How Do Muslim Americans Use Popular Culture?

EAST LANSING, Mich. — Facing “Islamophobia” and widespread hostility, Muslim Americans have adopted cultural techniques to make their voices heard, according to Michigan State University faculty who will use a grant to conduct a yearlong study of Islam-inflected culture.

MSU’s Muslim Studies Program and Asian Studies Center were recently awarded $100,000 from the Social Science Research Council for “Migrations of Islam.”

Salah Hassan, associate professor of English and a core faculty member for the Muslim Studies Program. Image credit: Michigan State University

The study will draw together experts, community members and producers of Muslim culture – from music to visual art to fashion – to explore how Muslim Americans use popular culture to engage society and promote public discourse, especially in the aftermath of Sept. 11.

“Through popular culture forms, Muslim Americans confront and transcend barriers that historically have denied their civil rights within the U.S.,” said Salah Hassan, core faculty member of MSU’s Muslim Studies Program, who’s coordinating the project.

Muslim Americans’ contributions to U.S. popular culture are critical to the debate on the role of Islam in the United States, Hassan said. Artists use culture to define their identity as Muslim Americans as they struggle to define what it means to be Muslim and what it means to be American.
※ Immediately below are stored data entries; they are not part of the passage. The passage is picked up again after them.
lemma cube_size_times_exp_decay_le:
  fixes d k R :: nat and s :: real
  assumes d_pos: "d \<ge> 1" and s_ge: "s \<ge> real d + 1" and R_le: "real R \<le> exp (real k ^ d)"
  shows "(2 * real R + 1) ^ d * exp (- s * (2 * real k + 1) ^ d)
           \<le> 3 ^ d * exp (real d - s) * exp (-1) ^ k"
proof -
  define m where "m = (2 * real k + 1) ^ d"
  have "1 \<le> exp (real k ^ d)" by simp
  then have "2 * real R + 1 \<le> 3 * exp (real k ^ d)" using R_le by linarith
  then have "(2 * real R + 1) ^ d \<le> (3 * exp (real k ^ d)) ^ d"
    by (rule power_mono) simp
  also have "\<dots> = 3 ^ d * exp (real d * real k ^ d)"
    by (simp add: power_mult_distrib exp_of_nat_mult)
  finally have size_le: "(2 * real R + 1) ^ d \<le> 3 ^ d * exp (real d * real k ^ d)" .
  have m_ge_power: "real k ^ d \<le> m" unfolding m_def by (intro power_mono) auto
  have m_ge_base: "2 * real k + 1 \<le> m" unfolding m_def using d_pos by (intro self_le_power) auto
  have "0 \<le> (s - real d - 1) * (m - 1)" using s_ge m_ge_base by simp
  then have "(s - real d) + (m - 1) \<le> (s - real d) * m" by (simp add: algebra_simps)
  moreover have "real d * real k ^ d \<le> real d * m" using m_ge_power by (simp add: mult_left_mono)
  ultimately have exponent_le: "real d * real k ^ d - s * m \<le> real d - s - real k"
    using m_ge_base by (simp add: algebra_simps)
  have "(2 * real R + 1) ^ d * exp (- s * m) \<le> 3 ^ d * exp (real d * real k ^ d) * exp (- s * m)"
    using size_le by (rule mult_right_mono) simp
  also have "\<dots> = 3 ^ d * exp (real d * real k ^ d - s * m)" by (simp add: exp_add[symmetric])
  also have "\<dots> \<le> 3 ^ d * exp (real d - s - real k)" using exponent_le by simp
  also have "\<dots> = 3 ^ d * exp (real d - s) * exp (-1) ^ k"
    by (simp add: exp_diff exp_add exp_minus exp_of_nat_mult[symmetric] field_simps)
  finally show ?thesis unfolding m_def .
qed

lemma tendsto_exp_affine_at_top:
  fixes a b :: real
  assumes "a > 0"
  shows "((\<lambda>x. exp (b - a * x)) \<longlongrightarrow> 0) at_top"
proof -
  have "filterlim (\<lambda>x. - b + a * x) at_top at_top"
    using assms by (intro filterlim_tendsto_add_at_top[OF tendsto_const]
        filterlim_tendsto_pos_mult_at_top[OF tendsto_const] filterlim_ident)
  then have "filterlim (\<lambda>x. b - a * x) at_bot at_top"
    by (simp add: filterlim_uminus_at_top)
  then show ?thesis by (rule filterlim_compose[OF exp_at_bot])
qed

lemma borel_measurable_Wloc: "Wloc K U \<nu> k \<in> borel_measurable (borel :: ('d::finite) config measure)"
proof (rule borel_measurable_continuous_onI)
  show "continuous_on UNIV (Wloc K U \<nu> k :: 'd config \<Rightarrow> real)"
    unfolding Wloc_def case_prod_unfold
    by (intro continuous_intros continuous_on_compose2[OF continuous_on_product_coordinates]) auto
qed

lemma Qfun_greater_eq:
  "{x :: ('d::finite) config. Qfun K U x > ereal N} =
     (\<Union>k. \<Union>\<nu>\<in>admissible_centres k. {x. Wloc K U \<nu> k x > N * (2 * real k + 1) ^ CARD('d)})"
  by (auto simp: Qfun_def admissible_centres_def less_SUP_iff pos_less_divide_eq)

lemma Wloc_greater_measurable: "{x :: ('d::finite) config. Wloc K U \<nu> k x > c} \<in> sets borel"
  using borel_measurable_Wloc[of K U \<nu> k] by (simp add: borel_measurable_iff_greater)

lemma Qfun_greater_measurable: "{x :: ('d::finite) config. Qfun K U x > ereal N} \<in> sets borel"
  unfolding Qfun_greater_eq
  by (intro sets.countable_UN image_subsetI sets.finite_UN finite_admissible_centres
      Wloc_greater_measurable)

context
  fixes \<omega> :: "('d::finite) config measure" and K l C :: real and U :: "real poly"
  assumes sets_\<omega>: "sets \<omega> = sets borel" and l_pos: "l > 0"
    and exp_moment_bound: "\<And>\<nu> k. (\<integral>\<^sup>+ x. ennreal (exp (l * Wloc K U \<nu> k x)) \<partial>\<omega>)
          \<le> ennreal (exp (C * (2 * real k + 1) ^ CARD('d)))"
begin

lemma emeasure_Wloc_greater_le:
  "emeasure \<omega> {x. Wloc K U \<nu> k x > t} \<le> ennreal (exp (C * (2 * real k + 1) ^ CARD('d) - l * t))"
proof -
  have space_\<omega>: "space \<omega> = UNIV" using sets_eq_imp_space_eq[OF sets_\<omega>] by simp
  have [measurable]: "Wloc K U \<nu> k \<in> borel_measurable \<omega>"
    using borel_measurable_Wloc measurable_cong_sets[OF sets_\<omega> refl] by blast
  have "{x\<in>space \<omega>. Wloc K U \<nu> k x \<ge> t} \<in> sets \<omega>" by measurable
  then have "emeasure \<omega> {x. Wloc K U \<nu> k x > t}
      \<le> emeasure \<omega> {x\<in>space \<omega>. Wloc K U \<nu> k x \<ge> t}"
    by (rule emeasure_mono[rotated]) (auto simp: space_\<omega>)
  also have "\<dots> \<le> ennreal (exp (- l * t))
      * (\<integral>\<^sup>+ x. ennreal (exp (l * Wloc K U \<nu> k x)) * indicator (space \<omega>) x \<partial>\<omega>)"
    using l_pos by (intro Chernoff_ineq_nn_integral_ge) auto
  also have "(\<integral>\<^sup>+ x. ennreal (exp (l * Wloc K U \<nu> k x)) * indicator (space \<omega>) x \<partial>\<omega>)
      = (\<integral>\<^sup>+ x. ennreal (exp (l * Wloc K U \<nu> k x)) \<partial>\<omega>)"
    by (intro nn_integral_cong) simp
  also have "ennreal (exp (- l * t)) * \<dots>
      \<le> ennreal (exp (- l * t)) * ennreal (exp (C * (2 * real k + 1) ^ CARD('d)))"
    using exp_moment_bound by (rule mult_left_mono) simp
  also have "\<dots> = ennreal (exp (C * (2 * real k + 1) ^ CARD('d) - l * t))"
    by (simp add: ennreal_mult[symmetric] exp_add[symmetric])
  finally show ?thesis .
qed

lemma emeasure_admissible_layer_le:
  assumes lN: "l * N \<ge> C + real CARD('d) + 1"
  shows "emeasure \<omega>
             (\<Union>\<nu>\<in>admissible_centres k. {x. Wloc K U \<nu> k x > N * (2 * real k + 1) ^ CARD('d)})
           \<le> ennreal (3 ^ CARD('d) * exp (C + real CARD('d) - l * N) * exp (-1) ^ k)"
proof -
  define m where "m = (2 * real k + 1) ^ CARD('d)"
  define R where "R = nat \<lfloor>exp (real k ^ CARD('d))\<rfloor>"
  have "real (card (admissible_centres k :: (int^'d) set)) \<le> real (card (cube (0::int^'d) R))"
    unfolding R_def of_nat_le_iff by (intro card_mono finite_cube admissible_centres_subset_cube)
  also have "real (card (cube (0::int^'d) R)) = (2 * real R + 1) ^ CARD('d)"
    by (simp add: card_cube add.commute)
  finally have card_le: "real (card (admissible_centres k :: (int^'d) set)) \<le> (2 * real R + 1) ^ CARD('d)"
    by simp
  have "emeasure \<omega> (\<Union>\<nu>\<in>admissible_centres k. {x. Wloc K U \<nu> k x > N * m})
      \<le> (\<Sum>\<nu>\<in>admissible_centres k. emeasure \<omega> {x. Wloc K U \<nu> k x > N * m})"
    using finite_admissible_centres Wloc_greater_measurable sets_\<omega>
    by (intro emeasure_subadditive_finite) auto
  also have "\<dots> \<le> (\<Sum>\<nu>\<in>(admissible_centres k :: (int^'d) set).
                       ennreal (exp (C * m - l * (N * m))))"
    unfolding m_def by (intro sum_mono emeasure_Wloc_greater_le)
  also have "\<dots> = ennreal (real (card (admissible_centres k :: (int^'d) set)) * exp (- (l * N - C) * m))"
    by (simp add: ennreal_of_nat_eq_real_of_nat ennreal_mult algebra_simps)
  also have "\<dots> \<le> ennreal ((2 * real R + 1) ^ CARD('d) * exp (- (l * N - C) * m))"
    using card_le by (intro ennreal_leI mult_right_mono) auto
  also have "\<dots> \<le> ennreal (3 ^ CARD('d) * exp (real CARD('d) - (l * N - C)) * exp (-1) ^ k)"
  proof (intro ennreal_leI)
    have "real R \<le> exp (real k ^ CARD('d))" unfolding R_def by simp
    then show "(2 * real R + 1) ^ CARD('d) * exp (- (l * N - C) * m)
        \<le> 3 ^ CARD('d) * exp (real CARD('d) - (l * N - C)) * exp (-1) ^ k"
      unfolding m_def using lN by (intro cube_size_times_exp_decay_le) (auto simp: Suc_le_eq)
  qed
  finally show ?thesis unfolding m_def by (simp add: algebra_simps)
qed

lemma emeasure_Qfun_greater_le:
  assumes lN: "l * N \<ge> C + real CARD('d) + 1"
  shows "emeasure \<omega> {x. Qfun K U x > ereal N}
           \<le> ennreal (3 ^ CARD('d) * exp (C + real CARD('d) - l * N) / (1 - exp (-1)))"
proof -
  define c where "c = 3 ^ CARD('d) * exp (C + real CARD('d) - l * N)"
  have "emeasure \<omega> {x. Qfun K U x > ereal N}
      \<le> (\<Sum>k. emeasure \<omega>
            (\<Union>\<nu>\<in>admissible_centres k. {x. Wloc K U \<nu> k x > N * (2 * real k + 1) ^ CARD('d)}))"
    unfolding Qfun_greater_eq
    by (intro emeasure_subadditive_countably image_subsetI sets.finite_UN finite_admissible_centres)
      (simp add: sets_\<omega> Wloc_greater_measurable)
  also have "\<dots> \<le> (\<Sum>k. ennreal (c * exp (-1) ^ k))"
    unfolding c_def using lN by (intro suminf_le emeasure_admissible_layer_le) auto
  also have "\<dots> = ennreal (\<Sum>k. c * exp (-1) ^ k)"
    by (intro suminf_ennreal2 summable_mult summable_geometric) (auto simp: c_def)
  also have "(\<Sum>k. c * exp (-1) ^ k) = c / (1 - exp (-1))"
    by (subst suminf_mult) (auto intro!: summable_geometric simp: suminf_geometric divide_inverse)
  finally show ?thesis unfolding c_def .
qed

lemma tendsto_exp_mult_measure_Qfun_greater:
  "((\<lambda>N. exp (l / 2 * N) * measure \<omega> {x. Qfun K U x > ereal N}) \<longlongrightarrow> 0) at_top"
proof (rule tendsto_sandwich)
  define G where "G = 3 ^ CARD('d) / (1 - exp (-1::real))"
  show "\<forall>\<^sub>F N in at_top. 0 \<le> exp (l / 2 * N) * measure \<omega> {x. Qfun K U x > ereal N}" by simp
  show "((\<lambda>N. G * exp (C + real CARD('d) - l / 2 * N)) \<longlongrightarrow> 0) at_top"
    using l_pos by (intro tendsto_mult_right_zero tendsto_exp_affine_at_top) simp
  show "\<forall>\<^sub>F N in at_top. exp (l / 2 * N) * measure \<omega> {x. Qfun K U x > ereal N}
          \<le> G * exp (C + real CARD('d) - l / 2 * N)"
  proof (rule eventually_at_top_linorderI)
    fix N assume "N \<ge> (C + real CARD('d) + 1) / l"
    then have "l * N \<ge> C + real CARD('d) + 1" using l_pos by (simp add: field_simps)
    then have "measure \<omega> {x. Qfun K U x > ereal N}
        \<le> 3 ^ CARD('d) * exp (C + real CARD('d) - l * N) / (1 - exp (-1))"
      unfolding measure_def by (intro enn2real_leI emeasure_Qfun_greater_le) auto
    then have "exp (l / 2 * N) * measure \<omega> {x. Qfun K U x > ereal N}
        \<le> exp (l / 2 * N) * (3 ^ CARD('d) * exp (C + real CARD('d) - l * N) / (1 - exp (-1)))"
      by (rule mult_left_mono) simp
    also have "\<dots> = G * exp (C + real CARD('d) - l / 2 * N)"
      unfolding G_def by (simp add: exp_add[symmetric] field_simps)
    finally show "exp (l / 2 * N) * measure \<omega> {x. Qfun K U x > ereal N}
        \<le> G * exp (C + real CARD('d) - l / 2 * N)" .
  qed
qed simp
A series of performances, artist presentations and lectures will run through December, starting with performances of “Hijabi Monologues” at MSU and Grand Valley State University. In November, MSU, GVSU and the University of Michigan-Dearborn will host a screening of “The Taqwacores,” a film about a Muslim punk rock scene, followed by a lecture by the director. Also in November, a Muslim traveling concert tour will come to GVSU and (scene) Metrospace, an art and performance space in East Lansing.

And in the spring, “Migrations of Islam” will host a conference. All events are free and open to the public.

Hassan said materials generated by “Migrations of Islam” – videos, interviews, blogs and photos – will be housed on a new virtual resource called “Muslim Subjects,” which builds on the success of Islam, Muslims and Journalism Education. Muslim Studies faculty created IMAJE in 2009 to educate mass media on the reporting of Muslims and Islam.

Faculty members also are producing a feature-length documentary that will include footage of performances and interviews with participants and the public.

“The performances, forums, the website and the documentary will serve the double purpose of challenging the misrepresentation of Muslims as antithetical to American culture and also producing a platform for conversation about Muslim American self-expression,” Hassan said.